ACTIVITY: Below are entries; copy exactly the lines from the one with "250 \<le> (15" through the one with "16) ^ 250) ^", both included, and leave out the rest.

(Saved data entries)
(* Let $n$ be a power of two, $\Delta=50+1000\log n$, and let $X$ be uniformly random over $\{0,1\}^n$. Then with probability at least $1/2$, every segment $z^X_i$ ($i=1,\dots,\ell_X$) of the marker segmentation of $X$ has length at most $\Delta$.
   Context: Logarithms are base $2$. Marker segmentation of $x\in\{0,1\}^n$: split $x$ into consecutive substrings $z^x_1,\dots,z^x_{\ell_x}$ by cutting immediately after each occurrence of the marker $0011$; every segment except possibly the last ends with $0011$ and contains exactly one occurrence of $0011$, and the last segment is the (possibly marker-free) remainder if nonempty. *)

theory Defs
  imports Complex_Main
begin

text \<open>Bit strings are lists of booleans, True = 1, False = 0.
  The marker is 0011.\<close>

definition marker :: "bool list" where
  "marker = [False, False, True, True]"

definition first_marker :: "bool list \<Rightarrow> nat option" where
  "first_marker xs =
     (if \<exists>i. i + 4 \<le> length xs \<and> take 4 (drop i xs) = marker
      then Some (LEAST i. i + 4 \<le> length xs \<and> take 4 (drop i xs) = marker)
      else None)"

lemma first_marker_le: "first_marker xs = Some i \<Longrightarrow> i + 4 \<le> length xs"
  unfolding first_marker_def
  by (auto split: if_splits intro: LeastI2_ex)

function marker_segments :: "bool list \<Rightarrow> bool list list" where
  "marker_segments xs =
     (case first_marker xs of
        None \<Rightarrow> (if xs = [] then [] else [xs])
      | Some i \<Rightarrow> take (i + 4) xs # marker_segments (drop (i + 4) xs))"
  by pat_completeness auto
termination
  by (relation "measure length") (auto dest: first_marker_le)

end

theory Submission
  imports Defs "HOL-Library.Sublist" "HOL-Library.Cardinality"
begin

text \<open>A segment of length greater than \<open>4 m\<close> contains no marker before its final four bits,
  so its first \<open>4 m\<close> bits, cut into \<open>m\<close> aligned blocks of length 4, avoid the marker in every
  block. For a fixed starting position a uniformly random string has this property with
  probability \<open>(15/16)^m\<close>, so by the union bound over the \<open>n\<close> starting positions some segment
  is longer than \<open>4 m\<close> with probability at most \<open>n (15/16)^m\<close>. For \<open>n = 2^k\<close> and
  \<open>m = 250 k + 12\<close> this is at most \<open>1/2\<close>, because \<open>(15/16)^12 \<le> 1/2\<close>, while
  \<open>4 m = 1000 k + 48 \<le> \<Delta>\<close>.\<close>

lemma finite_lists_length_eq_finite: "finite {xs :: 'a::finite list. length xs = n}"
  using finite_lists_length_eq[of "UNIV :: 'a set" n] by simp

lemma card_lists_length_eq_finite:
  "card {xs :: 'a::finite list. length xs = n} = CARD('a) ^ n"
  using card_lists_length_eq[of "UNIV :: 'a set" n] by simp

lemma card_take_drop_split:
  "card {x :: 'a list. length x = a + b \<and> P (take a x) \<and> Q (drop a x)}
   = card {u. length u = a \<and> P u} * card {v. length v = b \<and> Q v}"
proof -
  let ?A = "{u :: 'a list. length u = a \<and> P u}"
  let ?B = "{v :: 'a list. length v = b \<and> Q v}"
  have "{x. length x = a + b \<and> P (take a x) \<and> Q (drop a x)} = (\<lambda>(u, v). u @ v) ` (?A \<times> ?B)"
    by (auto intro!: image_eqI[where x = "(take a x, drop a x)" for x])
  moreover have "inj_on (\<lambda>(u, v). u @ v) (?A \<times> ?B)"
    by (auto simp: inj_on_def)
  ultimately show ?thesis
    by (simp add: card_image card_cartesian_product)
qed

lemma card_window_in:
  fixes A :: "'a::finite list set"
  assumes "A \<subseteq> {u. length u = l}" and "p + l \<le> n"
  shows "card {x. length x = n \<and> take l (drop p x) \<in> A} = CARD('a) ^ (n - l) * card A"
proof -
  have "card {x. length x = n \<and> take l (drop p x) \<in> A}
      = CARD('a) ^ p * card {v. length v = n - p \<and> take l v \<in> A}"
    using card_take_drop_split[of p "n - p" "\<lambda>_. True" "\<lambda>v. take l v \<in> A"] assms(2)
    by (simp add: card_lists_length_eq_finite)
  also have "card {v. length v = n - p \<and> take l v \<in> A} = card A * CARD('a) ^ (n - p - l)"
  proof -
    have "{u. length u = l \<and> u \<in> A} = A"
      using assms(1) by auto
    then show ?thesis
      using card_take_drop_split[of l "n - p - l" "\<lambda>u. u \<in> A" "\<lambda>_. True"] assms(2)
      by (simp add: card_lists_length_eq_finite)
  qed
  finally show ?thesis
    using assms(2) by (simp add: power_add[symmetric])
qed

lemma card_window_in_le:
  fixes A :: "'a::finite list set"
  assumes "A \<subseteq> {u. length u = l}" and "0 < l"
  shows "real (card {x. length x = n \<and> take l (drop p x) \<in> A})
         \<le> real CARD('a) ^ n * (real (card A) / real CARD('a) ^ l)"
proof (cases "p + l \<le> n")
  case True
  have "real CARD('a) ^ n = real CARD('a) ^ (n - l) * real CARD('a) ^ l"
    using True by (simp flip: power_add)
  then show ?thesis
    using card_window_in[OF assms(1) True] by simp
next
  case False
  have "length (take l (drop p x)) < l" if "length x = n" for x :: "'a list"
    using False that assms(2) by simp
  then have empty: "{x. length x = n \<and> take l (drop p x) \<in> A} = {}"
    using assms by fastforce
  show ?thesis
    unfolding empty by simp
qed

definition marker_free_blocks :: "nat \<Rightarrow> bool list set" where
  "marker_free_blocks m =
     {w. length w = 4 * m \<and> (\<forall>j<m. take 4 (drop (4 * j) w) \<noteq> marker)}"

lemma marker_free_blocks_Suc:
  "marker_free_blocks (Suc m) =
     {x. length x = 4 + 4 * m \<and> take 4 x \<noteq> marker \<and> drop 4 x \<in> marker_free_blocks m}"
  by (auto simp: marker_free_blocks_def All_less_Suc2 add.commute)

lemma card_marker_free_blocks: "card (marker_free_blocks m) = 15 ^ m"
proof (induction m)
  case 0
  have "marker_free_blocks 0 = {[]}"
    by (auto simp: marker_free_blocks_def)
  then show ?case
    by simp
next
  case (Suc m)
  have "{u :: bool list. length u = 4 \<and> u \<noteq> marker} = {u. length u = 4} - {marker}"
    by auto
  then have "card {u :: bool list. length u = 4 \<and> u \<noteq> marker} = 15"
    by (simp add: card_lists_length_eq_finite marker_def)
  moreover have "{v. length v = 4 * m \<and> v \<in> marker_free_blocks m} = marker_free_blocks m"
    by (auto simp: marker_free_blocks_def)
  ultimately show ?case
    using card_take_drop_split[of 4 "4 * m" "\<lambda>u. u \<noteq> marker" "\<lambda>v. v \<in> marker_free_blocks m"]
    by (simp add: marker_free_blocks_Suc Suc.IH)
qed

lemma first_marker_None_no_marker:
  "first_marker xs = None \<Longrightarrow> i + 4 \<le> length xs \<Longrightarrow> take 4 (drop i xs) \<noteq> marker"
  by (auto simp: first_marker_def split: if_splits)

lemma first_marker_Some_less:
  assumes "first_marker xs = Some i" and "j < i"
  shows "take 4 (drop j xs) \<noteq> marker"
proof -
  have "i = (LEAST i. i + 4 \<le> length xs \<and> take 4 (drop i xs) = marker)"
    using assms(1) by (auto simp: first_marker_def split: if_splits)
  then show ?thesis
    using assms first_marker_le[OF assms(1)] not_less_Least by fastforce
qed

declare marker_segments.simps[simp del]

lemma marker_segments_None:
  "first_marker xs = None \<Longrightarrow> marker_segments xs = (if xs = [] then [] else [xs])"
  by (subst marker_segments.simps) simp

lemma marker_segments_Some:
  "first_marker xs = Some i \<Longrightarrow>
     marker_segments xs = take (i + 4) xs # marker_segments (drop (i + 4) xs)"
  by (subst marker_segments.simps) simp

lemma marker_segments_sublist: "z \<in> set (marker_segments xs) \<Longrightarrow> sublist z xs"
proof (induction xs rule: marker_segments.induct)
  case (1 xs)
  show ?case
  proof (cases "first_marker xs")
    case None
    then show ?thesis
      using "1.prems" by (auto simp: marker_segments_None split: if_splits)
  next
    case (Some i)
    then have "z = take (i + 4) xs \<or> z \<in> set (marker_segments (drop (i + 4) xs))"
      using "1.prems" by (simp add: marker_segments_Some)
    then show ?thesis
      using "1.IH"[OF Some] sublist_order.order_trans[OF _ sublist_drop] by blast
  qed
qed

lemma marker_segment_inner_marker_free:
  "z \<in> set (marker_segments xs) \<Longrightarrow> j + 4 < length z \<Longrightarrow> take 4 (drop j z) \<noteq> marker"
proof (induction xs rule: marker_segments.induct)
  case (1 xs)
  show ?case
  proof (cases "first_marker xs")
    case None
    then show ?thesis
      using "1.prems" first_marker_None_no_marker by (auto simp: marker_segments_None split: if_splits)
  next
    case (Some i)
    then consider (head) "z = take (i + 4) xs" | (tail) "z \<in> set (marker_segments (drop (i + 4) xs))"
      using "1.prems"(1) by (auto simp: marker_segments_Some)
    then show ?thesis
    proof cases
      case head
      moreover have "j < i"
        using head "1.prems"(2) first_marker_le[OF Some] by simp
      ultimately have "take 4 (drop j z) = take 4 (drop j xs)"
        by (simp add: drop_take)
      then show ?thesis
        using first_marker_Some_less[OF Some \<open>j < i\<close>] by simp
    next
      case tail
      then show ?thesis
        using "1.IH"[OF Some] "1.prems"(2) by blast
    qed
  qed
qed

lemma long_marker_segment_window:
  assumes "z \<in> set (marker_segments x)" and "4 * m < length z"
  obtains p where "p < length x" and "take (4 * m) (drop p x) \<in> marker_free_blocks m"
proof -
  obtain ps ss where x: "x = ps @ z @ ss"
    using marker_segments_sublist[OF assms(1)] by (auto simp: sublist_def)
  have "take 4 (drop (4 * j) (take (4 * m) z)) \<noteq> marker" if "j < m" for j
  proof -
    have "take 4 (drop (4 * j) (take (4 * m) z)) = take 4 (drop (4 * j) z)"
      using that by (simp add: drop_take)
    then show ?thesis
      using marker_segment_inner_marker_free[OF assms(1), of "4 * j"] that assms(2) by simp
  qed
  then have "take (4 * m) (drop (length ps) x) \<in> marker_free_blocks m"
    using x assms(2) by (simp add: marker_free_blocks_def)
  moreover have "length ps < length x"
    using x assms(2) by auto
  ultimately show thesis
    using that by blast
qed

lemma card_long_marker_segment_le:
  assumes "0 < m"
  shows "real (card {x :: bool list. length x = n \<and> (\<exists>z \<in> set (marker_segments x). 4 * m < length z)})
         \<le> real n * 2 ^ n * (15 / 16) ^ m"
proof -
  define W where "W p = {x :: bool list. length x = n \<and> take (4 * m) (drop p x) \<in> marker_free_blocks m}"
    for p
  have card_W: "real (card (W p)) \<le> 2 ^ n * (15 / 16) ^ m" for p
  proof -
    have "marker_free_blocks m \<subseteq> {u. length u = 4 * m}"
      by (auto simp: marker_free_blocks_def)
    then have "real (card (W p)) \<le> 2 ^ n * (15 ^ m / 2 ^ (4 * m))"
      using card_window_in_le[of "marker_free_blocks m" "4 * m" n p] assms
      by (simp add: W_def card_marker_free_blocks)
    also have "\<dots> = 2 ^ n * (15 / 16) ^ m"
      by (simp add: power_mult power_divide)
    finally show ?thesis .
  qed
  have "finite (\<Union>p<n. W p)"
    by (auto simp: W_def intro: finite_subset[OF _ finite_lists_length_eq_finite])
  moreover have "{x. length x = n \<and> (\<exists>z \<in> set (marker_segments x). 4 * m < length z)} \<subseteq> (\<Union>p<n. W p)"
    by (auto simp: W_def elim!: long_marker_segment_window)
  ultimately have "card {x. length x = n \<and> (\<exists>z \<in> set (marker_segments x). 4 * m < length z)}
      \<le> card (\<Union>p<n. W p)"
    by (rule card_mono)
  also have "\<dots> \<le> (\<Sum>p<n. card (W p))"
    by (rule card_UN_le) simp
  finally have "real (card {x. length x = n \<and> (\<exists>z \<in> set (marker_segments x). 4 * m < length z)})
      \<le> (\<Sum>p<n. real (card (W p)))"
    by (simp flip: of_nat_sum)
  also have "\<dots> \<le> (\<Sum>p<n. 2 ^ n * (15 / 16) ^ m)"
    by (rule sum_mono) (rule card_W)
  finally show ?thesis
    by simp
qed

lemma card_short_marker_segments_ge:
  assumes "0 < m"
  shows "2 ^ n * (1 - real n * (15 / 16) ^ m)
         \<le> real (card {x :: bool list. length x = n \<and> (\<forall>z \<in> set (marker_segments x). length z \<le> 4 * m)})"
proof -
  define long where
    "long = {x :: bool list. length x = n \<and> (\<exists>z \<in> set (marker_segments x). 4 * m < length z)}"
  have sub: "long \<subseteq> {x. length x = n}"
    by (auto simp: long_def)
  have "{x. length x = n \<and> (\<forall>z \<in> set (marker_segments x). length z \<le> 4 * m)} = {x. length x = n} - long"
    by (auto simp: long_def not_le)
  moreover have "card long \<le> 2 ^ n"
    using card_mono[OF finite_lists_length_eq_finite sub] by (simp add: card_lists_length_eq_finite)
  ultimately have "real (card {x. length x = n \<and> (\<forall>z \<in> set (marker_segments x). length z \<le> 4 * m)})
      = 2 ^ n - real (card long)"
    using card_Diff_subset[OF finite_subset[OF sub finite_lists_length_eq_finite] sub]
    by (simp add: of_nat_diff card_lists_length_eq_finite)
  moreover have "real (card long) \<le> real n * 2 ^ n * (15 / 16) ^ m"
    unfolding long_def using assms by (rule card_long_marker_segment_le)
  ultimately show ?thesis
    by (simp add: algebra_simps)
qed

lemma two_pow_mult_15_16_pow_le: "(2::real) ^ k * (15 / 16) ^ (250 * k + 12) \<le> 1 / 2"
proof -
  have half: "(15 / 16 :: real) ^ 12 \<le> 1 / 2"
    by (simp add: power_divide)
  moreover have "(15 / 16 :: real) ^ 250 \<le> (15 / 16) ^ 12"
    by (rule power_decreasing) simp_all
  ultimately have "2 * (15 / 16 :: real) ^ 250 \<le> 1"
    by linarith
  then have "(2 * (15 / 16 :: real) ^ 250) ^ k \<le> 1"
    by (intro power_le_one) simp_all
  then have "(2 * (15 / 16 :: real) ^ 250) ^ k * (15 / 16) ^ 12 \<le> 1 * (1 / 2)"
    using half by (intro mult_mono) simp_all
  moreover have "(2::real) ^ k * (15 / 16) ^ (250 * k + 12) = (2 * (15 / 16) ^ 250) ^ k * (15 / 16) ^ 12"
    by (simp only: power_add power_mult power_mult_distrib mult.assoc)
  ultimately show ?thesis
    by simp
qed

theorem lemma6:
  fixes n k :: nat
  assumes "n = 2 ^ k"
  shows "real (card {x :: bool list. length x = n \<and>
            (\<forall>z \<in> set (marker_segments x). real (length z) \<le> 50 + 1000 * log 2 (real n))})
         \<ge> (1/2) * real (card {x :: bool list. length x = n})"
proof -
  define m where "m = 250 * k + 12"
  have "(1 / 2) * real (card {x :: bool list. length x = n}) \<le> 2 ^ n * (1 - real n * (15 / 16) ^ m)"
    using two_pow_mult_15_16_pow_le[of k] assms by (simp add: m_def card_lists_length_eq_finite)
  also have "\<dots> \<le> real (card {x :: bool list. length x = n \<and>
                   (\<forall>z \<in> set (marker_segments x). length z \<le> 4 * m)})"
    by (rule card_short_marker_segments_ge) (simp add: m_def)
  also have "\<dots> \<le> real (card {x :: bool list. length x = n \<and>
                   (\<forall>z \<in> set (marker_segments x). real (length z) \<le> 50 + 1000 * log 2 (real n))})"
  proof (intro of_nat_mono card_mono)
    have "real (4 * m) \<le> 50 + 1000 * log 2 (real n)"
      using assms by (simp add: m_def log_nat_power)
    then show "{x :: bool list. length x = n \<and> (\<forall>z \<in> set (marker_segments x). length z \<le> 4 * m)}
      \<subseteq> {x. length x = n \<and> (\<forall>z \<in> set (marker_segments x). real (length z) \<le> 50 + 1000 * log 2 (real n))}"
      by (auto simp del: of_nat_mult intro: order_trans[rotated])
  qed (simp add: finite_Collect_conjI finite_lists_length_eq_finite)
  finally show ?thesis .
qed

end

RESULT OF THE TASK:
  moreover have "(15 / 16 :: real) ^ 250 \<le> (15 / 16) ^ 12"
    by (rule power_decreasing) simp_all
  ultimately have "2 * (15 / 16 :: real) ^ 250 \<le> 1"
    by linarith
  then have "(2 * (15 / 16 :: real) ^ 250) ^ k \<le> 1"
    by (intro power_le_one) simp_all
  then have "(2 * (15 / 16 :: real) ^ 250) ^ k * (15 / 16) ^ 12 \<le> 1 * (1 / 2)"
    using half by (intro mult_mono) simp_all
  moreover have "(2::real) ^ k * (15 / 16) ^ (250 * k + 12) = (2 * (15 / 16) ^ 250) ^ k * (15 / 16) ^ 12"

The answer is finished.